That is, whether the remote reset input 10 is input, the failure reset input 18 is input, the power reset input is input, or the power failure recovery is confirmed based on the power failure monitoring signal input 20 and the battery voltage input 22 indicates When at least one of the conditions for whether the battery voltage value is equal to or higher than the predetermined voltage Vcnt is satisfied, the low power consumption mode is canceled and the operation of the CPU 3 returns from the low power consumption mode.
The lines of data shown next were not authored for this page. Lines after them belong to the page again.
(* Let $\varphi_0,\varphi_1\in\mathrm{Mon}_+$ and let $d$ be the distance defined by $d(\varphi_0,\varphi_1)^2=\min\mathcal{L}(v)$, the minimum being over all $v\in L^2([0,1],H^1_0([0,1]))$ admitting a Lagrangian flow $\varphi$ with $\varphi(0,\cdot)=\varphi_0$, $\varphi(1,\cdot)=\varphi_1$, where $\mathcal{L}(v)=\int_0^1\int_0^1 v^2+\tfrac14(\partial_x v)^2\,dx\,dt$. Then $$\sup_{x\in[0,1]}|\varphi_0(x)-\varphi_1(x)|\le 2\,d(\varphi_0,\varphi_1),$$ where the supremum is a pointwise supremum (not an essential supremum).
   Context: $\mathrm{Mon}_+$ denotes the set of nondecreasing functions $f:[0,1]\to[0,1]$ with $f(0)=0$ and $f(1)=1$. Definition (Lagrangian flow): let $v\in L^1([0,1],C([0,1]))$. A map $\varphi:[0,1]\times[0,1]\to[0,1]$, $(t,x)\mapsto\varphi(t,x)$, is a Lagrangian flow associated with $v$ if (i) $x\mapsto\varphi(t,x)$ is nondecreasing for every $t$, and (ii) for every $x$ the map $t\mapsto\varphi(t,x)$ is absolutely continuous and $\varphi(t,x)-\varphi(s,x)=\int_s^t v(r,\varphi(r,x))\,dr$ for all $0\le s<t\le 1$. *)

theory Defs
  imports "HOL-Analysis.Analysis"
begin

text \<open>Mon_+ : nondecreasing maps [0,1] -> [0,1] with f 0 = 0 and f 1 = 1
  (functions are real => real; only values on [0,1] matter).\<close>
definition Mon_plus :: "(real \<Rightarrow> real) set" where
  "Mon_plus = {f. mono_on {0..1} f \<and> f ` {0..1} \<subseteq> {0..1} \<and> f 0 = 0 \<and> f 1 = 1}"

text \<open>Membership of v in L^2([0,1], H^1_0([0,1])), witnessed by its spatial
  derivative w = d/dx v: w is jointly measurable and square integrable on
  [0,1]^2, and for every time t in [0,1], v(t,.) is the antiderivative of
  w(t,.) vanishing at x = 0 and at x = 1 (1D characterisation of H^1_0 as
  absolutely continuous functions with L^2 derivative and zero trace).\<close>
definition L2_H10 :: "(real \<Rightarrow> real \<Rightarrow> real) \<Rightarrow> (real \<Rightarrow> real \<Rightarrow> real) \<Rightarrow> bool" where
  "L2_H10 v w \<longleftrightarrow>
     (\<lambda>p. w (fst p) (snd p)) \<in> borel_measurable lborel \<and>
     set_integrable lborel ({0..1} \<times> {0..1}) (\<lambda>p. (w (fst p) (snd p))\<^sup>2) \<and>
     (\<forall>t\<in>{0..1}. set_integrable lborel {0..1} (w t) \<and>
        (\<forall>x\<in>{0..1}. v t x = (LINT y:{0..x}|lborel. w t y)) \<and>
        v t 1 = 0)"

definition energy :: "(real \<Rightarrow> real \<Rightarrow> real) \<Rightarrow> (real \<Rightarrow> real \<Rightarrow> real) \<Rightarrow> real" where
  "energy v w = (LINT t:{0..1}|lborel. LINT x:{0..1}|lborel. (v t x)\<^sup>2 + (1/4) * (w t x)\<^sup>2)"

text \<open>Lagrangian flow associated with v (phi t x = phi(t,x)).  Absolute continuity
  of t -> phi(t,x) is implied by the integral identity with integrable integrand.\<close>
definition lagrangian_flow :: "(real \<Rightarrow> real \<Rightarrow> real) \<Rightarrow> (real \<Rightarrow> real \<Rightarrow> real) \<Rightarrow> bool" where
  "lagrangian_flow v \<phi> \<longleftrightarrow>
     (\<forall>t\<in>{0..1}. \<forall>x\<in>{0..1}. \<phi> t x \<in> {0..1}) \<and>
     (\<forall>t\<in>{0..1}. mono_on {0..1} (\<phi> t)) \<and>
     (\<forall>x\<in>{0..1}. \<forall>s t. 0 \<le> s \<and> s < t \<and> t \<le> 1 \<longrightarrow>
        set_integrable lborel {s..t} (\<lambda>r. v r (\<phi> r x)) \<and>
        \<phi> t x - \<phi> s x = (LINT r:{s..t}|lborel. v r (\<phi> r x)))"

definition admissible :: "(real \<Rightarrow> real) \<Rightarrow> (real \<Rightarrow> real) \<Rightarrow>
    ((real \<Rightarrow> real \<Rightarrow> real) \<times> (real \<Rightarrow> real \<Rightarrow> real)) set" where
  "admissible \<phi>0 \<phi>1 = {(v, w). L2_H10 v w \<and>
     (\<exists>\<phi>. lagrangian_flow v \<phi> \<and> (\<forall>x\<in>{0..1}. \<phi> 0 x = \<phi>0 x \<and> \<phi> 1 x = \<phi>1 x))}"

text \<open>d(phi0,phi1) = sqrt(min L) = inf of sqrt(L(v)) over admissible v
  (taken in ereal so that it is meaningful without presupposing the minimum exists).\<close>
definition dist_Mon :: "(real \<Rightarrow> real) \<Rightarrow> (real \<Rightarrow> real) \<Rightarrow> ereal" where
  "dist_Mon \<phi>0 \<phi>1 = (INF p \<in> admissible \<phi>0 \<phi>1. ereal (sqrt (energy (fst p) (snd p))))"

end

theory Submission
  imports Defs
begin

text \<open>Along a trajectory, \<open>|\<phi>(1,x) - \<phi>(0,x)| \<le> \<integral>\<^sub>0\<^sup>1 |v(t,\<phi>(t,x))| dt\<close>.
  Since \<open>v(t,\<cdot>)\<close> vanishes at \<open>0\<close>, \<open>sup\<^sub>x |v(t,x)| \<le> \<integral>\<^sub>0\<^sup>1 |\<partial>\<^sub>x v(t,y)| dy\<close>, so the
  displacement is at most the \<open>L\<^sup>1\<close> norm of \<open>\<partial>\<^sub>x v\<close> on the unit square, which by
  Cauchy--Schwarz is at most its \<open>L\<^sup>2\<close> norm, i.e. at most \<open>\<surd>(4 L(v)) = 2 \<surd>L(v)\<close>.\<close>

lemma set_nn_integral_square_le:
  assumes [measurable]: "f \<in> borel_measurable M" "A \<in> sets M"
  shows "(\<integral>\<^sup>+x\<in>A. f x \<partial>M)\<^sup>2 \<le> emeasure M A * (\<integral>\<^sup>+x\<in>A. (f x)\<^sup>2 \<partial>M)"
proof -
  have "(\<integral>\<^sup>+x\<in>A. f x \<partial>M)\<^sup>2 = (\<integral>\<^sup>+x. (f x * indicator A x) * indicator A x \<partial>M)\<^sup>2"
    by (intro arg_cong[where f="\<lambda>a. a\<^sup>2"] nn_integral_cong) (simp add: indicator_def)
  also have "\<dots> \<le> (\<integral>\<^sup>+x. (f x * indicator A x)\<^sup>2 \<partial>M) * (\<integral>\<^sup>+x. (indicator A x)\<^sup>2 \<partial>M)"
    by (rule Cauchy_Schwarz_nn_integral) measurable
  also have "(\<integral>\<^sup>+x. (indicator A x :: ennreal)\<^sup>2 \<partial>M) = emeasure M A"
    by (simp add: power2_eq_square flip: indicator_inter_arith)
  also have "(\<integral>\<^sup>+x. (f x * indicator A x)\<^sup>2 \<partial>M) = (\<integral>\<^sup>+x\<in>A. (f x)\<^sup>2 \<partial>M)"
    by (intro nn_integral_cong) (simp add: indicator_def)
  finally show ?thesis by (simp add: mult.commute)
qed

lemma (in sigma_finite_measure) set_nn_integral_Times:
  assumes [measurable]: "f \<in> borel_measurable (N \<Otimes>\<^sub>M M)" "A \<in> sets N" "B \<in> sets M"
  shows "(\<integral>\<^sup>+p\<in>A \<times> B. f p \<partial>(N \<Otimes>\<^sub>M M)) = (\<integral>\<^sup>+x\<in>A. (\<integral>\<^sup>+y\<in>B. f (x, y) \<partial>M) \<partial>N)"
proof -
  have "(\<integral>\<^sup>+p\<in>A \<times> B. f p \<partial>(N \<Otimes>\<^sub>M M)) = (\<integral>\<^sup>+x. \<integral>\<^sup>+y. f (x, y) * indicator (A \<times> B) (x, y) \<partial>M \<partial>N)"
    by (rule nn_integral_fst[symmetric]) measurable
  also have "\<dots> = (\<integral>\<^sup>+x\<in>A. (\<integral>\<^sup>+y\<in>B. f (x, y) \<partial>M) \<partial>N)"
  proof (intro nn_integral_cong)
    fix x assume "x \<in> space N"
    then have [measurable]: "(\<lambda>y. f (x, y)) \<in> borel_measurable M"
      by (rule measurable_Pair2[OF assms(1)])
    have "(\<integral>\<^sup>+y\<in>B. f (x, y) \<partial>M) * indicator A x = (\<integral>\<^sup>+y. f (x, y) * indicator B y * indicator A x \<partial>M)"
      by (rule nn_integral_multc[symmetric]) measurable
    then show "(\<integral>\<^sup>+y. f (x, y) * indicator (A \<times> B) (x, y) \<partial>M) = (\<integral>\<^sup>+y\<in>B. f (x, y) \<partial>M) * indicator A x"
      by (simp add: indicator_times ac_simps)
  qed
  finally show ?thesis .
qed

lemma borel_measurable_antiderivative:
  fixes w :: "real \<Rightarrow> real \<Rightarrow> real"
  assumes [measurable]: "(\<lambda>p. w (fst p) (snd p)) \<in> borel_measurable (lborel \<Otimes>\<^sub>M lborel)"
  shows "(\<lambda>p. LINT y:{0..snd p}|lborel. w (fst p) y) \<in> borel_measurable (lborel \<Otimes>\<^sub>M lborel)"
proof -
  have "(\<lambda>q. indicator {0..snd (fst q)} (snd q) :: real)
      \<in> borel_measurable ((lborel \<Otimes>\<^sub>M lborel) \<Otimes>\<^sub>M (lborel :: real measure))"
    unfolding indicator_def atLeastAtMost_iff by measurable
  moreover have "(\<lambda>q. w (fst (fst q)) (snd q)) \<in> borel_measurable ((lborel \<Otimes>\<^sub>M lborel) \<Otimes>\<^sub>M lborel)"
    using measurable_compose[OF _ assms, of "\<lambda>q. (fst (fst q), snd q)" "(lborel \<Otimes>\<^sub>M lborel) \<Otimes>\<^sub>M lborel"]
    by simp
  ultimately have "(\<lambda>(p, y). indicator {0..snd p} y *\<^sub>R w (fst p) y) \<in> borel_measurable ((lborel \<Otimes>\<^sub>M lborel) \<Otimes>\<^sub>M lborel)"
    unfolding case_prod_beta' real_scaleR_def by (rule borel_measurable_times)
  then show ?thesis
    unfolding set_lebesgue_integral_def by (rule lborel.borel_measurable_lebesgue_integral)
qed

lemma L2_H10_measurable:
  "L2_H10 v w \<Longrightarrow> (\<lambda>p. w (fst p) (snd p)) \<in> borel_measurable (lborel \<Otimes>\<^sub>M lborel)"
  by (simp add: L2_H10_def lborel_prod)

lemma L2_H10_set_integrable_deriv_square:
  "L2_H10 v w \<Longrightarrow> set_integrable (lborel \<Otimes>\<^sub>M lborel) ({0..1} \<times> {0..1}) (\<lambda>p. (w (fst p) (snd p))\<^sup>2)"
  by (simp add: L2_H10_def lborel_prod)

lemma L2_H10_abs_le:
  assumes "L2_H10 v w" "t \<in> {0..1}" "x \<in> {0..1}"
  shows "ennreal \<bar>v t x\<bar> \<le> (\<integral>\<^sup>+y\<in>{0..1}. ennreal \<bar>w t y\<bar> \<partial>lborel)"
proof -
  have "set_integrable lborel {0..1} (w t)" and v: "v t x = (LINT y:{0..x}|lborel. w t y)"
    using assms unfolding L2_H10_def by auto
  from this(1) have "set_integrable lborel {0..x} (w t)"
    by (rule set_integrable_subset) (use assms(3) in auto)
  then have "ennreal \<bar>v t x\<bar> \<le> (\<integral>\<^sup>+y. norm (indicator {0..x} y *\<^sub>R w t y) \<partial>lborel)"
    unfolding v set_lebesgue_integral_def set_integrable_def real_norm_def[symmetric]
    by (rule integral_norm_bound_ennreal)
  also have "\<dots> \<le> (\<integral>\<^sup>+y\<in>{0..1}. ennreal \<bar>w t y\<bar> \<partial>lborel)"
    by (intro nn_integral_mono) (use assms(3) in \<open>auto simp: indicator_def\<close>)
  finally show ?thesis .
qed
In this embodiment, the earthquake detection apparatus operates according to a series of flows shown in FIG. In addition, the range demonstrated here is the condition range in the frame enclosed with the dashed-dotted line in each figure among the transition conditions to the low power consumption mode of FIG. 2, and the return conditions from the low power consumption mode of FIG. However, the determination operation can be similarly performed for other conditions.
First, at normal time, the CPU 3 operates in the normal measurement mode (step S1). In step S2, the low power consumption mode control 19 checks whether or not the voltage of the battery 15 is equal to or higher than the predetermined voltage Vcnt based on the battery voltage input 22 from the battery voltage detection circuit 21.
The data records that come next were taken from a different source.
lemma partial_add:
  assumes "\<forall>x. f differentiable (at x)" and "\<forall>x. g differentiable (at x)"
  shows "partial v (\<lambda>x. f x + g x) = (\<lambda>x. partial v f x + partial v g x)"
proof
  fix x
  have "((\<lambda>x. f x + g x) has_derivative
          (\<lambda>w. frechet_derivative f (at x) w + frechet_derivative g (at x) w)) (at x)"
    using assms
    by (auto intro: has_derivative_add[OF has_derivative_frechet_derivative has_derivative_frechet_derivative])
  from partial_at[OF this, of v] show "partial v (\<lambda>x. f x + g x) x = partial v f x + partial v g x"
    by (simp add: partial_def)
qed

lemma partial_bilinear:
  assumes "bounded_bilinear B" and "\<forall>x. f differentiable (at x)" and "\<forall>x. g differentiable (at x)"
  shows "partial v (\<lambda>x. B (f x) (g x)) = (\<lambda>x. B (f x) (partial v g x) + B (partial v f x) (g x))"
proof
  fix x
  have "((\<lambda>x. B (f x) (g x)) has_derivative
          (\<lambda>w. B (f x) (frechet_derivative g (at x) w) + B (frechet_derivative f (at x) w) (g x))) (at x)"
    using assms by (auto intro: bounded_bilinear.FDERIV[OF _
          has_derivative_frechet_derivative has_derivative_frechet_derivative])
  from partial_at[OF this, of v]
  show "partial v (\<lambda>x. B (f x) (g x)) x = B (f x) (partial v g x) + B (partial v f x) (g x)"
    by (simp add: partial_def)
qed

lemma partial_eq_sum_Basis:
  fixes g :: "'a::euclidean_space \<Rightarrow> 'b::real_normed_vector"
  assumes "g differentiable (at x)"
  shows "partial v g x = (\<Sum>b\<in>Basis. (v \<bullet> b) *\<^sub>R partial b g x)"
proof -
  have "frechet_derivative g (at x) (\<Sum>b\<in>Basis. (v \<bullet> b) *\<^sub>R b) =
          (\<Sum>b\<in>Basis. (v \<bullet> b) *\<^sub>R frechet_derivative g (at x) b)"
    using linear_frechet_derivative[OF assms] by (simp add: linear_sum linear_scale)
  then show ?thesis
    by (simp add: partial_def euclidean_representation)
qed

lemma partial_compose:
  fixes \<psi> :: "'a::euclidean_space \<Rightarrow> 'b::real_normed_vector" and f :: "'c::real_normed_vector \<Rightarrow> 'a"
  assumes "\<forall>y. \<psi> differentiable (at y)" and "\<forall>x. f differentiable (at x)"
  shows "partial v (\<lambda>x. \<psi> (f x)) = (\<lambda>x. \<Sum>b\<in>Basis. partial v (\<lambda>x. f x \<bullet> b) x *\<^sub>R partial b \<psi> (f x))"
proof
  fix x
  have "((\<lambda>x. \<psi> (f x)) has_derivative (\<lambda>w. frechet_derivative \<psi> (at (f x)) (frechet_derivative f (at x) w)))
          (at x)"
    using diff_chain_at[OF has_derivative_frechet_derivative[of f "at x"]
        has_derivative_frechet_derivative[of \<psi> "at (f x)"]] assms
    by (simp add: o_def)
  from partial_at[OF this, of v]
  have "partial v (\<lambda>x. \<psi> (f x)) x = (\<Sum>b\<in>Basis. (partial v f x \<bullet> b) *\<^sub>R partial b \<psi> (f x))"
    using partial_eq_sum_Basis[of \<psi> "f x" "partial v f x"] assms(1) by (simp add: partial_def)
  then show "partial v (\<lambda>x. \<psi> (f x)) x = (\<Sum>b\<in>Basis. partial v (\<lambda>x. f x \<bullet> b) x *\<^sub>R partial b \<psi> (f x))"
    using partial_linear[OF bounded_linear_inner_left assms(2)] by simp
qed

text \<open>
  The
  basis-indexed version below makes sense on every Euclidean space, so it also covers the
  functions on \<real> from which the bump function is built.
\<close>

fun differentiable_upto :: "nat \<Rightarrow> ('a::euclidean_space \<Rightarrow> 'b::real_normed_vector) \<Rightarrow> bool" where
  "differentiable_upto 0 g \<longleftrightarrow> True"
| "differentiable_upto (Suc k) g \<longleftrightarrow>
     (\<forall>x. g differentiable (at x)) \<and> (\<forall>b\<in>Basis. differentiable_upto k (partial b g))"

definition infinitely_differentiable :: "('a::euclidean_space \<Rightarrow> 'b::real_normed_vector) \<Rightarrow> bool" where
  "infinitely_differentiable g \<longleftrightarrow> (\<forall>k. differentiable_upto k g)"

lemma differentiable_upto_Suc_imp: "differentiable_upto (Suc k) g \<Longrightarrow> differentiable_upto k g"
  by (induction k arbitrary: g) auto

lemma infinitely_differentiableD:
  assumes "infinitely_differentiable g"
  shows "g differentiable (at x)" and "b \<in> Basis \<Longrightarrow> infinitely_differentiable (partial b g)"
proof -
  have "differentiable_upto (Suc k) g" for k
    using assms unfolding infinitely_differentiable_def by blast
  then show "g differentiable (at x)" and "b \<in> Basis \<Longrightarrow> infinitely_differentiable (partial b g)"
    unfolding infinitely_differentiable_def by auto
qed

lemma differentiable_upto_const: "differentiable_upto k (\<lambda>x. c)"
  by (induction k arbitrary: c) (simp_all add: partial_const)

lemma differentiable_upto_linear:
  "bounded_linear L \<Longrightarrow> differentiable_upto k g \<Longrightarrow> differentiable_upto k (\<lambda>x. L (g x))"
proof (induction k arbitrary: g)
  case (Suc k)
  have "(\<lambda>x. L (g x)) differentiable (at x)" for x
    using Suc.prems
    by (auto intro: differentiableI[OF bounded_linear.has_derivative[OF _ has_derivative_frechet_derivative]])
  then show ?case
    using Suc by (simp add: partial_linear)
qed simp

lemma differentiable_upto_add:
  "differentiable_upto k f \<Longrightarrow> differentiable_upto k g \<Longrightarrow> differentiable_upto k (\<lambda>x. f x + g x)"
  by (induction k arbitrary: f g) (simp_all add: partial_add)

lemma differentiable_upto_diff:
  "differentiable_upto k f \<Longrightarrow> differentiable_upto k g \<Longrightarrow> differentiable_upto k (\<lambda>x. f x - g x)"
  using differentiable_upto_add[of k f "\<lambda>x. - g x"]
    differentiable_upto_linear[OF bounded_linear_minus[OF bounded_linear_ident], of k g]
  by simp

lemma differentiable_upto_bilinear:
  assumes "bounded_bilinear B"
  shows "differentiable_upto k f \<Longrightarrow> differentiable_upto k g \<Longrightarrow> differentiable_upto k (\<lambda>x. B (f x) (g x))"
proof (induction k arbitrary: f g)
  case (Suc k)
  have "(\<lambda>x. B (f x) (g x)) differentiable (at x)" for x
    using Suc.prems
    by (auto intro: differentiableI[OF bounded_bilinear.FDERIV[OF assms
          has_derivative_frechet_derivative has_derivative_frechet_derivative]])
  moreover have "differentiable_upto k f" "differentiable_upto k g"
    using Suc.prems differentiable_upto_Suc_imp by blast+
  ultimately show ?case
    using Suc by (simp add: partial_bilinear[OF assms] differentiable_upto_add)
qed simp

lemma differentiable_upto_sum:
  "finite S \<Longrightarrow> (\<And>j. j \<in> S \<Longrightarrow> differentiable_upto k (g j)) \<Longrightarrow>
     differentiable_upto k (\<lambda>x. \<Sum>j\<in>S. g j x)"
  by (induction S rule: finite_induct) (simp_all add: differentiable_upto_const differentiable_upto_add)

lemma differentiable_upto_compose:
  fixes \<psi> :: "'a::euclidean_space \<Rightarrow> 'b::real_normed_vector" and f :: "'c::euclidean_space \<Rightarrow> 'a"
  shows "differentiable_upto k \<psi> \<Longrightarrow> differentiable_upto k f \<Longrightarrow> differentiable_upto k (\<lambda>x. \<psi> (f x))"
proof (induction k arbitrary: \<psi> f)
  case (Suc k)
  have d\<psi>: "\<forall>y. \<psi> differentiable (at y)" and df: "\<forall>x. f differentiable (at x)"
    using Suc.prems by auto
  have "(\<lambda>x. \<psi> (f x)) differentiable (at x)" for x
    using differentiable_chain_at[of f x \<psi>] d\<psi> df by (simp add: o_def)
  moreover have "differentiable_upto k (partial v (\<lambda>x. \<psi> (f x)))" if "v \<in> Basis" for v
    unfolding partial_compose[OF d\<psi> df]
  proof (intro differentiable_upto_sum differentiable_upto_bilinear[OF bounded_bilinear_scaleR] finite_Basis)
    fix b :: 'a assume "b \<in> Basis"
    show "differentiable_upto k (\<lambda>x. partial b \<psi> (f x))"
      using Suc.IH Suc.prems(1) differentiable_upto_Suc_imp[OF Suc.prems(2)] \<open>b \<in> Basis\<close> by simp
    show "differentiable_upto k (partial v (\<lambda>x. f x \<bullet> b))"
      using Suc.prems that partial_linear[OF bounded_linear_inner_left df]
      by (simp add: differentiable_upto_linear[OF bounded_linear_inner_left])
  qed
  ultimately show ?case by simp
qed simp

lemma infinitely_differentiable_const: "infinitely_differentiable (\<lambda>x. c)"
  by (simp add: infinitely_differentiable_def differentiable_upto_const)

lemma infinitely_differentiable_id: "infinitely_differentiable (\<lambda>x. x)"
proof -
  have "partial v (\<lambda>x. x) = (\<lambda>x. v)" for v :: 'a
    by (intro ext partial_at has_derivative_ident)
  then have "differentiable_upto (Suc k) (\<lambda>x::'a. x)" for k
    by (simp add: differentiable_upto_const)
  then show ?thesis
    unfolding infinitely_differentiable_def by (metis differentiable_upto_Suc_imp)
qed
In this confirmation, if it is confirmed that the voltage of the battery 15 is equal to or higher than the predetermined voltage Vcnt, the process proceeds to step S3, and the low power consumption mode control 19 determines whether a power failure has occurred based on the power failure monitoring signal input 20. Confirm whether or not. In this confirmation, if it is confirmed that no power failure has occurred, the process returns to step S2.
On the other hand, if it is confirmed in step S3 that a power failure has occurred, the elapse of the predetermined time d1 is waited in step S4, and the process proceeds to step S5 after the elapse of the predetermined time d1.

In step S5, the low power consumption mode control 19 stops the operation of the CPU 3 and makes a transition from the normal measurement mode to the low power consumption mode.
Further, when it is confirmed in step S2 that the voltage of the battery 15 is not equal to or higher than the predetermined voltage Vcnt, that is, it is confirmed that the voltage of the battery 15 is lower than the predetermined voltage Vcnt, the process directly proceeds to step S5. The low power consumption mode control 19 stops the operation of the CPU 3 and makes a transition from the normal measurement mode to the low power consumption mode.
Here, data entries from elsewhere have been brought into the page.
lemma hist_act_gen_Pow: "Hgen M \<alpha> W t \<union> {\<alpha> t -` B \<inter> space M | B. B \<in> sets borel} \<subseteq> Pow (space M)"
  using Hgen_Pow by auto

lemma sets_hist_act: "sets (hist_act t) = HAsig M \<alpha> W t"
  unfolding hist_act_def HAsig_def using hist_act_gen_Pow by simp

lemma space_hist_act: "space (hist_act t) = space M"
  unfolding hist_act_def using hist_act_gen_Pow by simp

lemma \<alpha>_hist_act_measurable:
  assumes "\<tau> \<in> {1..t}"
  shows "\<alpha> \<tau> \<in> measurable (hist_act t) borel"
  unfolding hist_act_def
proof (rule measurable_sigma_borel[OF hist_act_gen_Pow])
  fix B :: "(real^'n) set" assume B: "B \<in> sets borel"
  show "\<alpha> \<tau> -` B \<inter> space M \<in> Hgen M \<alpha> W t \<union> {\<alpha> t -` B \<inter> space M | B. B \<in> sets borel}"
  proof (cases "\<tau> = t")
    case False
    then have "\<tau> \<in> {1..<t}" using assms by auto
    then have "\<alpha> \<tau> -` B \<inter> space M \<in> Hgen M \<alpha> W t" unfolding Hgen_def using B by blast
    then show ?thesis by blast
  qed (use B in blast)
qed

lemma obs_hist_act_measurable: "\<tau> \<in> {1..<t} \<Longrightarrow> obs \<alpha> W \<tau> \<in> measurable (hist_act t) borel"
  unfolding hist_act_def
  by (rule measurable_sigma_borel[OF hist_act_gen_Pow]) (unfold Hgen_def, blast)

lemma ncount_measurable[measurable]:
  assumes "t \<le> T + 1"
  shows "(\<lambda>\<omega>. ncount \<alpha> t \<omega> k) \<in> borel_measurable M"
proof -
  have [measurable]: "\<And>\<tau>. \<tau> \<in> {1..<t} \<Longrightarrow> \<alpha> \<tau> \<in> borel_measurable M" using assms by auto
  show ?thesis unfolding ncount_def by measurable
qed

lemma ncount_Hsig_measurable: "(\<lambda>\<omega>. ncount \<alpha> t \<omega> k) \<in> borel_measurable (Hsig M \<alpha> W t)"
proof -
  have [measurable]: "\<And>\<tau>. \<tau> \<in> {1..<t} \<Longrightarrow> \<alpha> \<tau> \<in> borel_measurable (Hsig M \<alpha> W t)"
    using \<alpha>_Hsig_measurable by auto
  show ?thesis unfolding ncount_def by measurable
qed

lemma Etil_measurable:
  assumes "t \<le> T + 1"
  shows "Etil L \<alpha> W t \<in> borel_measurable M"
proof -
  have [measurable]: "\<And>\<tau>. \<tau> \<in> {1..<t} \<Longrightarrow> \<alpha> \<tau> \<in> borel_measurable M"
    "\<And>\<tau>. \<tau> \<in> {1..<t} \<Longrightarrow> W \<tau> \<in> borel_measurable M" using assms by auto
  have "(\<lambda>\<omega>. Ebar \<alpha> W t \<omega> $ k + sqrt (2 * L / max 1 (ncount \<alpha> t \<omega> k))) \<in> borel_measurable M" for k
    unfolding Ebar_def ncount_def by simp measurable
  then show ?thesis unfolding Etil_def[abs_def] by (rule borel_measurable_vec_lambda)
qed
In subsequent step S6, whether or not the power failure has been restored (recovered) is confirmed based on the power failure monitoring signal input 20, and if it is confirmed that the power failure has been restored, the process proceeds to step S7. . If it is confirmed that the power failure has not been restored, the confirmation in step S6 is repeated until the power is restored.
In step S7, whether or not the voltage of the battery 15 is equal to or higher than the predetermined voltage Vcnt is checked based on the battery voltage input 22 from the battery voltage detection circuit 21, and the voltage of the battery 15 is equal to or higher than the predetermined voltage Vcnt. If it is confirmed, the process proceeds to step S8. When it is confirmed that the voltage of the battery 15 is not equal to or higher than the predetermined voltage Vcnt (less than the predetermined voltage Vcnt), the confirmation in step S7 is repeated until the voltage is equal to or higher than the predetermined voltage Vcnt.

  In step S8, the low power consumption mode is canceled, and the operation of the CPU 3 is returned from the low power consumption mode to the normal measurement mode.

FIG. 5 shows an example of a display state by an LED for displaying an operation state of the earthquake detection device provided in the earthquake detection device, the elevator control device or the like.
There are provided an LED that displays the power supply status to the earthquake detection device, an LED that displays the failure occurrence status of the seismic detector, and an LED that displays the respective earthquake detection statuses of low, low, and high. These LEDs are all lit when the CPU 3 is in the normal measurement mode.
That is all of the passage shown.